• **SUPPLIED INFORMATION**:
(* Let $k$ be a field, $t\ge1$, $n_1,\dots,n_t\ge1$ and $a_1,\dots,a_t\ge1$ integers with $d=\sum_{s=1}^ta_s\ge2$. Let $K^{d(\mathbf a)}_{\mathbf n}$ be the $d(a_1,\dots,a_t)$-complete multipartite hypergraph. Then $R/I(K^{d(\mathbf a)}_{\mathbf n})$ has a linear resolution, and for $i\ge1$, $\beta_{i,j}(K^{d(\mathbf a)}_{\mathbf n})\ne0$ only if $j=i+(d-1)$.
   Context: $K^{d(\mathbf a)}_{\mathbf n}$ is the hypergraph on the disjoint union $B_1\sqcup\cdots\sqcup B_t$ ($|B_s|=n_s$) whose edges are all subsets $E$ with $|E\cap B_s|=a_s$ for every $s$. $R$ is the polynomial ring over $k$ with one variable per vertex; $I(\mathcal H)$ is generated by $\prod_{v\in E}x_v$, $E$ an edge; $\beta_{i,j}=\dim_k\mathrm{Tor}^R_i(R/I(\mathcal H),k)_j$. $R/I$ has a linear resolution if there is $c$ with $\beta_{i,j}=0$ for all $i\ge1$, $j\ne i+c-1$. *)

theory Defs
  imports Complex_Main "HOL-Library.Function_Algebras"
begin

text \<open>
R = k[x_v : v in V].
A monomial of R is an exponent vector m :: nat => nat vanishing outside V.
Tor^R_i(R/I,k) is computed as the homology of (R/I) tensor K, where K is the
Koszul complex on the variables x_v, v in V (the standard free resolution of
k over R).  R tensor K_i has k-basis the pairs (m,F) (the element x^m e_F),
F a subset of V of size i, with internal degree |m| + |F|.
\<close>

type_synonym 'k kchain = "((nat \<Rightarrow> nat) \<times> nat set) \<Rightarrow> 'k"

definition fscale :: "'k::field \<Rightarrow> 'k kchain \<Rightarrow> 'k kchain" where
  "fscale a f = (\<lambda>x. a * f x)"

definition kbasis :: "nat set \<Rightarrow> nat \<Rightarrow> nat \<Rightarrow> ((nat \<Rightarrow> nat) \<times> nat set) set" where
  "kbasis V i j = {(m, F). (\<forall>v. v \<notin> V \<longrightarrow> m v = 0) \<and> F \<subseteq> V \<and> card F = i
                         \<and> (\<Sum>v\<in>V. m v) + i = j}"

definition kchains :: "nat set \<Rightarrow> nat \<Rightarrow> nat \<Rightarrow> ('k::field) kchain set" where
  "kchains V i j = {c. \<forall>p. p \<notin> kbasis V i j \<longrightarrow> c p = 0}"

text \<open>Koszul differential: d(x^u e_G) = sum over v in G of
  (-1)^(number of w in G with w < v) x^u x_v e_(G - v).  Below, the coefficient of
  x^m e_F in d(c).\<close>
definition kdiff :: "nat set \<Rightarrow> ('k::field) kchain \<Rightarrow> 'k kchain" where
  "kdiff V c = (\<lambda>(m, F). \<Sum>v\<in>V - F.
      if 1 \<le> m v then (-1) ^ card {w\<in>F. w < v} * c (m(v := m v - 1), insert v F) else 0)"

text \<open>The edge ideal I(H) = (x_E : E an edge).  A monomial lies in it iff it is
  divisible by some x_E; a polynomial lies in it iff all its monomials do.\<close>
definition in_edge_ideal :: "nat set set \<Rightarrow> (nat \<Rightarrow> nat) \<Rightarrow> bool" where
  "in_edge_ideal Edges m \<longleftrightarrow> (\<exists>E\<in>Edges. \<forall>v\<in>E. 1 \<le> m v)"

definition ideal_chains :: "nat set \<Rightarrow> nat set set \<Rightarrow> nat \<Rightarrow> nat \<Rightarrow> ('k::field) kchain set" where
  "ideal_chains V Edges i j =
     {c \<in> kchains V i j. \<forall>m F. c (m, F) \<noteq> 0 \<longrightarrow> in_edge_ideal Edges m}"

text \<open>Cycles of (R/I) tensor K in degree (i,j), lifted to R tensor K.\<close>
definition cycles_lift :: "nat set \<Rightarrow> nat set set \<Rightarrow> nat \<Rightarrow> nat \<Rightarrow> ('k::field) kchain set" where
  "cycles_lift V Edges i j =
     {c \<in> kchains V i j. kdiff V c \<in> ideal_chains V Edges (i - 1) j}"

text \<open>Boundaries of (R/I) tensor K in degree (i,j), lifted to R tensor K.\<close>
definition bounds_lift :: "nat set \<Rightarrow> nat set set \<Rightarrow> nat \<Rightarrow> nat \<Rightarrow> ('k::field) kchain set" where
  "bounds_lift V Edges i j =
     {kdiff V c + b | c b. c \<in> kchains V (Suc i) j \<and> b \<in> ideal_chains V Edges i j}"

text \<open>beta_{i,j} = dim_k Tor_i(R/I(H), k)_j = dim (cycles / boundaries), for i >= 1.
  The type 'k is the field k.\<close>
definition betti :: "'k::field itself \<Rightarrow> nat set \<Rightarrow> nat set set \<Rightarrow> nat \<Rightarrow> nat \<Rightarrow> nat" where
  "betti _ V Edges i j =
     vector_space.dim (fscale :: 'k \<Rightarrow> 'k kchain \<Rightarrow> 'k kchain) (cycles_lift V Edges i j)
   - vector_space.dim (fscale :: 'k \<Rightarrow> 'k kchain \<Rightarrow> 'k kchain) (bounds_lift V Edges i j)"

definition linear_resolution :: "'k::field itself \<Rightarrow> nat set \<Rightarrow> nat set set \<Rightarrow> bool" where
  "linear_resolution K V Edges \<longleftrightarrow>
     (\<exists>c::nat. \<forall>i\<ge>1. \<forall>j. j \<noteq> i + c - 1 \<longrightarrow> betti K V Edges i j = 0)"

text \<open>Complete multipartite hypergraph K^{d(a)}_n: blocks B_s (s < t) are consecutive
  intervals of naturals of length n s.\<close>
definition block :: "(nat \<Rightarrow> nat) \<Rightarrow> nat \<Rightarrow> nat set" where
  "block n s = {(\<Sum>r<s. n r) ..< (\<Sum>r<s. n r) + n s}"

definition mp_vertices :: "nat \<Rightarrow> (nat \<Rightarrow> nat) \<Rightarrow> nat set" where
  "mp_vertices t n = (\<Union>s<t. block n s)"

definition mp_edges :: "nat \<Rightarrow> (nat \<Rightarrow> nat) \<Rightarrow> (nat \<Rightarrow> nat) \<Rightarrow> nat set set" where
  "mp_edges t n a = {E. E \<subseteq> mp_vertices t n \<and> (\<forall>s<t. card (E \<inter> block n s) = a s)}"

end

theory Submission
  imports Defs
begin

text \<open>
  Tor of R/I with k is computed by the Koszul complex, which splits into strands by multidegree.
  The strand of multidegree \<open>\<alpha>\<close> is the chain complex of the simplex on \<open>S = supp \<alpha>\<close>
  relative to the subcomplex of faces \<open>F\<close> with \<open>x\<^sup>\<alpha>\<^sup>-\<^sup>F \<in> I\<close>.
  If some vertex is a cone point of that subcomplex, the relative homology vanishes. Otherwise
  \<open>\<alpha>\<close> is the indicator of \<open>S\<close>, and with \<open>X\<^sub>s = S \<inter> B\<^sub>s\<close> the subcomplex consists of the
  faces meeting each \<open>X\<^sub>s\<close> in at most \<open>|X\<^sub>s| - a\<^sub>s\<close> vertices: a join of skeleta of simplices,
  whose cycles are boundaries except on faces with \<open>|S| - d\<close> vertices (induction on the number
  of parts, slicing a cycle along the faces of the last part). The boundary map sends relative
  cycles on faces with \<open>i\<close> vertices to cycles of the subcomplex on faces with \<open>i - 1\<close> vertices,
  so the strand is exact in homological degree \<open>i\<close> unless \<open>|\<alpha>| = |S| = i + d - 1\<close>.
\<close>

definition face_sign :: "nat set \<Rightarrow> nat \<Rightarrow> 'k::comm_ring_1" where
  "face_sign F v = (-1) ^ card {w\<in>F. w < v}"

text \<open>
  A chain of the simplex on a finite set \<open>S\<close> is represented by its coefficient function on faces;
  \<open>chain_boundary S f F\<close> is the coefficient of the face \<open>F\<close> in the boundary of \<open>f\<close>.
\<close>

definition chain_boundary :: "nat set \<Rightarrow> (nat set \<Rightarrow> 'k::comm_ring_1) \<Rightarrow> nat set \<Rightarrow> 'k" where
  "chain_boundary S f F = (\<Sum>v\<in>S - F. face_sign F v * f (insert v F))"

definition cone :: "nat \<Rightarrow> (nat set \<Rightarrow> 'k::comm_ring_1) \<Rightarrow> nat set \<Rightarrow> 'k" where
  "cone w f G = (if w \<in> G then face_sign (G - {w}) w * f (G - {w}) else 0)"

lemma face_sign_square: "face_sign F v * face_sign F v = (1::'k::comm_ring_1)"
  unfolding face_sign_def by (simp add: power_mult_distrib[symmetric])

lemma face_sign_insert:
  assumes "v \<notin> F" "v \<noteq> w"
  shows "(face_sign (insert v F) w :: 'k::comm_ring_1) = (if v < w then -1 else 1) * face_sign F w"
proof -
  have "{x\<in>insert v F. x < w} = (if v < w then insert v {x\<in>F. x < w} else {x\<in>F. x < w})"
    by auto
  moreover have "finite {x\<in>F. x < w}" by (rule finite_subset[of _ "{..<w}"]) auto
  ultimately show ?thesis using assms unfolding face_sign_def by auto
qed

lemma face_sign_insert_swap:
  assumes "v \<notin> F" "w \<notin> F" "v \<noteq> w"
  shows "face_sign (insert w F) v * face_sign (insert v F) w = - (face_sign F v * face_sign F w :: 'k::comm_ring_1)"
  using face_sign_insert[of v F w, where 'k='k] face_sign_insert[of w F v, where 'k='k] assms
  by (cases "v < w") (simp_all add: algebra_simps)

lemma chain_boundary_cong:
  "(\<And>v. v \<in> S - F \<Longrightarrow> f (insert v F) = g (insert v F)) \<Longrightarrow> chain_boundary S f F = chain_boundary S g F"
  unfolding chain_boundary_def by simp

lemma chain_boundary_add: "chain_boundary S (\<lambda>F. f F + g F) F = chain_boundary S f F + chain_boundary S g F"
  unfolding chain_boundary_def by (simp add: algebra_simps sum.distrib)

lemma chain_boundary_diff: "chain_boundary S (\<lambda>F. f F - g F) F = chain_boundary S f F - chain_boundary S g F"
  unfolding chain_boundary_def by (simp add: algebra_simps sum_subtractf)

lemma chain_boundary_nonzero:
  assumes "chain_boundary S f F \<noteq> 0"
  obtains v where "v \<in> S - F" "f (insert v F) \<noteq> 0"
  using assms unfolding chain_boundary_def by (metis (no_types, lifting) mult_zero_right sum.neutral)

lemma chain_boundary_zero_chain [simp]: "chain_boundary S (\<lambda>_. 0) F = 0"
  unfolding chain_boundary_def by simp

lemma sum_offdiagonal_antisymmetric:
  fixes \<phi> :: "nat \<Rightarrow> nat \<Rightarrow> 'k::comm_ring_1"
  assumes "finite A" and anti: "\<And>v u. v \<in> A \<Longrightarrow> u \<in> A \<Longrightarrow> v \<noteq> u \<Longrightarrow> \<phi> v u = - \<phi> u v"
  shows "(\<Sum>v\<in>A. \<Sum>u\<in>A - {v}. \<phi> v u) = 0"
proof -
  define lower where "lower v u = (if u < v then \<phi> v u else 0)" for v u
  define upper where "upper v u = (if v < u then \<phi> v u else 0)" for v u
  have "(\<Sum>u\<in>A - {v}. \<phi> v u) = (\<Sum>u\<in>A. lower v u + upper v u)" for v
    unfolding lower_def upper_def using \<open>finite A\<close>
    by (intro sum.mono_neutral_cong_left) auto
  then have "(\<Sum>v\<in>A. \<Sum>u\<in>A - {v}. \<phi> v u) = (\<Sum>v\<in>A. \<Sum>u\<in>A. lower v u) + (\<Sum>v\<in>A. \<Sum>u\<in>A. upper v u)"
    by (simp add: sum.distrib)
  also have "(\<Sum>v\<in>A. \<Sum>u\<in>A. upper v u) = (\<Sum>u\<in>A. \<Sum>v\<in>A. upper v u)"
    by (rule sum.swap)
  also have "\<dots> = (\<Sum>u\<in>A. \<Sum>v\<in>A. - lower u v)"
  proof (intro sum.cong refl)
    fix u v assume "u \<in> A" "v \<in> A"
    then show "upper v u = - lower u v"
      unfolding lower_def upper_def using anti[of v u] by auto
  qed
  finally show ?thesis by (simp add: sum_negf)
qed

lemma chain_boundary_boundary:
  fixes f :: "nat set \<Rightarrow> 'k::comm_ring_1"
  assumes "finite S"
  shows "chain_boundary S (chain_boundary S f) F = 0"
proof -
  define \<phi> where "\<phi> v u = (face_sign F v * face_sign (insert v F) u * f (insert u (insert v F)) :: 'k)" for v u
  have "chain_boundary S (chain_boundary S f) F = (\<Sum>v\<in>S - F. \<Sum>u\<in>(S - F) - {v}. \<phi> v u)"
    unfolding chain_boundary_def \<phi>_def
  proof (intro sum.cong refl)
    fix v assume "v \<in> S - F"
    have "S - insert v F = (S - F) - {v}" by blast
    then show "face_sign F v * (\<Sum>u\<in>S - insert v F. face_sign (insert v F) u * f (insert u (insert v F)))
      = (\<Sum>u\<in>S - F - {v}. face_sign F v * face_sign (insert v F) u * f (insert u (insert v F)))"
      by (simp add: sum_distrib_left mult.assoc)
  qed
  also have "\<dots> = 0"
  proof (rule sum_offdiagonal_antisymmetric)
    fix v u assume "v \<in> S - F" "u \<in> S - F" "v \<noteq> u"
    moreover have "insert u (insert v F) = insert v (insert u F)" by blast
    ultimately show "\<phi> v u = - \<phi> u v"
      unfolding \<phi>_def using face_sign_insert[of v F u, where 'k='k] face_sign_insert[of u F v, where 'k='k]
      by (cases "v < u") (simp_all add: algebra_simps)
  qed (use assms in simp)
  finally show ?thesis .
qed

• **WORK REQUEST**:
Copy the records above exactly, from the first line through the line containing "R = k[x_v : v in V].", and include nothing else.

• **WRITTEN REPLY**:
(* Let $k$ be a field, $t\ge1$, $n_1,\dots,n_t\ge1$ and $a_1,\dots,a_t\ge1$ integers with $d=\sum_{s=1}^ta_s\ge2$. Let $K^{d(\mathbf a)}_{\mathbf n}$ be the $d(a_1,\dots,a_t)$-complete multipartite hypergraph. Then $R/I(K^{d(\mathbf a)}_{\mathbf n})$ has a linear resolution, and for $i\ge1$, $\beta_{i,j}(K^{d(\mathbf a)}_{\mathbf n})\ne0$ only if $j=i+(d-1)$.
   Context: $K^{d(\mathbf a)}_{\mathbf n}$ is the hypergraph on the disjoint union $B_1\sqcup\cdots\sqcup B_t$ ($|B_s|=n_s$) whose edges are all subsets $E$ with $|E\cap B_s|=a_s$ for every $s$. $R$ is the polynomial ring over $k$ with one variable per vertex; $I(\mathcal H)$ is generated by $\prod_{v\in E}x_v$, $E$ an edge; $\beta_{i,j}=\dim_k\mathrm{Tor}^R_i(R/I(\mathcal H),k)_j$. $R/I$ has a linear resolution if there is $c$ with $\beta_{i,j}=0$ for all $i\ge1$, $j\ne i+c-1$. *)

theory Defs
  imports Complex_Main "HOL-Library.Function_Algebras"
begin

text \<open>
R = k[x_v : v in V].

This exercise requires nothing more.